The House agreed with the Senate plan to increase the amount of money from the rooms and meals tax that is allocated for revenue sharing with cities and towns.

Currently the target is 40 percent, but revenue sharing was suspended during the great recession.

The Senate plan would dedicate 30 percent of rooms and meals collections to a dedicated fund.

The plan would increase revenue sharing by about $35 million over the biennium.

Senate President Chuck Morse said the 30 percent is a figure the state can live up to and hopes someone next session increases the percentage to 40 percent.

Sen. Cindy Rosenwald, D-Nashua, said while she is not opposed to the plan, it does reduce the percentage from 40 to 30 percent.

And she noted, dedicated funds are frequently suspended by the legislature.

But Morse said the Senate budget plan increases money for municipalities by about $150 million over the biennium.

Business Tax Liability

The House also agreed to the Senate proposal to establish a commission to study ways to reduce the business profits tax credit carry forward which now is approaching $300 million.

The money comes from overpayment of taxes by corporations, and has grown rapidly, noted Rep. Norm Major, R-Plaistow, the chair of House Ways and Means.

He said just a few years ago the figure was $140 million, and added the current figure is “good percentage.” of business profits tax collections.

He said if the corporations asked for their money back it would mean a “big hole” in the state budget.

Morse said he would like the corporations to consider using some of their credits to create affordable housing for employees as Dartmouth-Hitchcock Medical Center has proposed in Lebanon.

He said the corporations could help to address the affordable housing issue, not leave it all up to the state.

But he said the legislature will need to address the issue in greater detail next session.

“The legislature could apply housing credits,” he said, “and work with companies to bring down the $280 million in a manner that is good for New Hampshire.”

Highway Fund Aid

The House agreed with the Senate plan to put $50 million of general fund money into the Highway Fund, which will end the biennium with only about $1 million.

The fund not only pays for Department of Transportation operations, the Department of Safety, Attorney General’s Office and judicial system, and also taps the funds derived from fuel sales and vehicle registrations.

“The Highway Fund is broke,” said Morse.

The House also agreed to reimburse the federal highway fund $7 million for the scrapped Conway bypass project, and that will allow $29 million in federal funds to flow to the state.

And similarly, the House agreed to spend $7 million as a match to receive $20 million in federal transportation money.
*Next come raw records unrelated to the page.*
lemma ipnorm_add_le:
  assumes x: "x \<in> S" and y: "y \<in> S"
  shows "ipnorm f (x + y) \<le> ipnorm f x + ipnorm f y"
proof -
  have xy: "x + y \<in> S" using add_mem[OF x y] .
  have "(ipnorm f (x + y))^2 = Re (f x x) + 2 * Re (f x y) + Re (f y y)"
    using conj_sym[OF x y] by (simp add: ipnorm_square xy x y add_left add_right)
  also have "\<dots> \<le> (ipnorm f x)^2 + 2 * (ipnorm f x * ipnorm f y) + (ipnorm f y)^2"
    using cauchy_schwarz[OF x y] complex_Re_le_cmod[of "f x y"] by (simp add: ipnorm_square x y)
  also have "\<dots> = (ipnorm f x + ipnorm f y)^2" by algebra
  finally show ?thesis
    using ipnorm_nonneg[OF x] ipnorm_nonneg[OF y] ipnorm_nonneg[OF xy] by (simp add: power2_le_iff_abs_le)
qed

lemma ipnorm_uminus:
  assumes y: "y \<in> S" and my: "- y \<in> S"
  shows "ipnorm f (- y) = ipnorm f y"
proof -
  have "f (- y) z = - f y z" if "z \<in> S" for z
    using add_left[OF y my that] zero_left[OF that] by (simp add: add_eq_0_iff)
  moreover have "f y (- y) = - f y y"
    using add_right[OF y my y] zero_right[OF y] by (simp add: add_eq_0_iff)
  ultimately show ?thesis unfolding ipnorm_def using my by simp
qed

lemma ipnorm_diff_le:
  assumes "x \<in> S" "y \<in> S" "- y \<in> S"
  shows "ipnorm f (x - y) \<le> ipnorm f x + ipnorm f y"
  using ipnorm_add_le[of x "- y"] ipnorm_uminus[of y] assms by simp

lemma ipnorm_le_if_dual_bound:
  assumes x: "x \<in> S" and c: "0 \<le> c" and bound: "\<And>y. y \<in> S \<Longrightarrow> cmod (f x y) \<le> c * ipnorm f y"
  shows "ipnorm f x \<le> c"
proof -
  have "(ipnorm f x)^2 \<le> cmod (f x x)"
    using complex_Re_le_cmod[of "f x x"] by (simp add: ipnorm_square x)
  also have "\<dots> \<le> c * ipnorm f x" using bound[OF x] .
  finally show ?thesis using c ipnorm_nonneg[OF x] by (cases "ipnorm f x = 0") (simp_all add: power2_eq_square)
qed

end

lemma hermitian_formI:
  assumes zero_mem: "0 \<in> S"
    and add_mem: "\<And>x y. x \<in> S \<Longrightarrow> y \<in> S \<Longrightarrow> x + y \<in> S"
    and scale_mem: "\<And>c x. x \<in> S \<Longrightarrow> sc c x \<in> S"
    and add_left: "\<And>x y z. x \<in> S \<Longrightarrow> y \<in> S \<Longrightarrow> z \<in> S \<Longrightarrow> f (x + y) z = f x z + f y z"
    and scale_left: "\<And>c x y. x \<in> S \<Longrightarrow> y \<in> S \<Longrightarrow> f (sc c x) y = c * f x y"
    and conj_sym: "\<And>x y. x \<in> S \<Longrightarrow> y \<in> S \<Longrightarrow> f y x = cnj (f x y)"
    and nonneg_diag: "\<And>x. x \<in> S \<Longrightarrow> 0 \<le> Re (f x x)"
  shows "hermitian_form sc S f"
proof unfold_locales
  fix x y z assume "x \<in> S" "y \<in> S" "z \<in> S"
  then show "f z (x + y) = f z x + f z y"
    using conj_sym[of "x + y" z] conj_sym[of x z] conj_sym[of y z] add_left[of x y z] add_mem by simp
next
  fix c x y assume "x \<in> S" "y \<in> S"
  then show "f x (sc c y) = cnj c * f x y"
    using conj_sym[of "sc c y" x] conj_sym[of y x] scale_left[of y x c] scale_mem by simp
qed (fact assms)+

locale inner_product_form = hermitian_form +
  assumes definite: "x \<in> S \<Longrightarrow> f x x = 0 \<Longrightarrow> x = 0"
begin

lemma ipnorm_pos:
  assumes "x \<in> S" "x \<noteq> 0"
  shows "0 < ipnorm f x"
proof -
  have "f x x \<noteq> 0" using definite assms by blast
  then have "Re (f x x) \<noteq> 0" using diag_real[OF \<open>x \<in> S\<close>] by (metis of_real_0)
  then show ?thesis using nonneg_diag[OF \<open>x \<in> S\<close>] unfolding ipnorm_def by simp
qed

end

lemma cinner_space_inner_product_form:
  assumes "cinner_space sc S ip"
  shows "inner_product_form sc S ip"
proof -
  note ax = assms[unfolded cinner_space_def]
  have "hermitian_form sc S ip"
  proof (rule hermitian_formI)
    show "0 \<in> S" using ax by (elim conjE)
    show "\<And>x y. x \<in> S \<Longrightarrow> y \<in> S \<Longrightarrow> x + y \<in> S" using ax by (elim conjE) blast
    show "\<And>c x. x \<in> S \<Longrightarrow> sc c x \<in> S" using ax by (elim conjE) blast
    show "\<And>x y z. x \<in> S \<Longrightarrow> y \<in> S \<Longrightarrow> z \<in> S \<Longrightarrow> ip (x + y) z = ip x z + ip y z"
      using ax by (elim conjE) blast
    show "\<And>c x y. x \<in> S \<Longrightarrow> y \<in> S \<Longrightarrow> ip (sc c x) y = c * ip x y" using ax by (elim conjE) blast
    show "\<And>x y. x \<in> S \<Longrightarrow> y \<in> S \<Longrightarrow> ip y x = cnj (ip x y)" using ax by (elim conjE) blast
    show "\<And>x. x \<in> S \<Longrightarrow> 0 \<le> Re (ip x x)" using ax by (elim conjE) blast
  qed
  moreover have "\<And>x. x \<in> S \<Longrightarrow> ip x x = 0 \<Longrightarrow> x = 0" using ax by (elim conjE) blast
  ultimately show ?thesis by (simp add: inner_product_form_def inner_product_form_axioms_def)
qed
The state once used turnpike maintenance credits for the match, but can no longer do that.

Secure Psychiatric Unit

The House also agreed to the Senate plan to spend $30 million for a new secure psychiatric hospital on New Hampshire Hospital grounds.

Rosenwald was concerned the provision allows for a private contractor to run the facility. 

But Morse said operations of the facility are still to be determined and would need legislative approval in the future. It is important to begin construction to help reduce the number of adults and children waiting in hospital emergency rooms for in-patient treatment at New Hampshire Hospital, he said.

The conference committee meets again at 1 p.m. Tuesday to continue discussing unresolved items.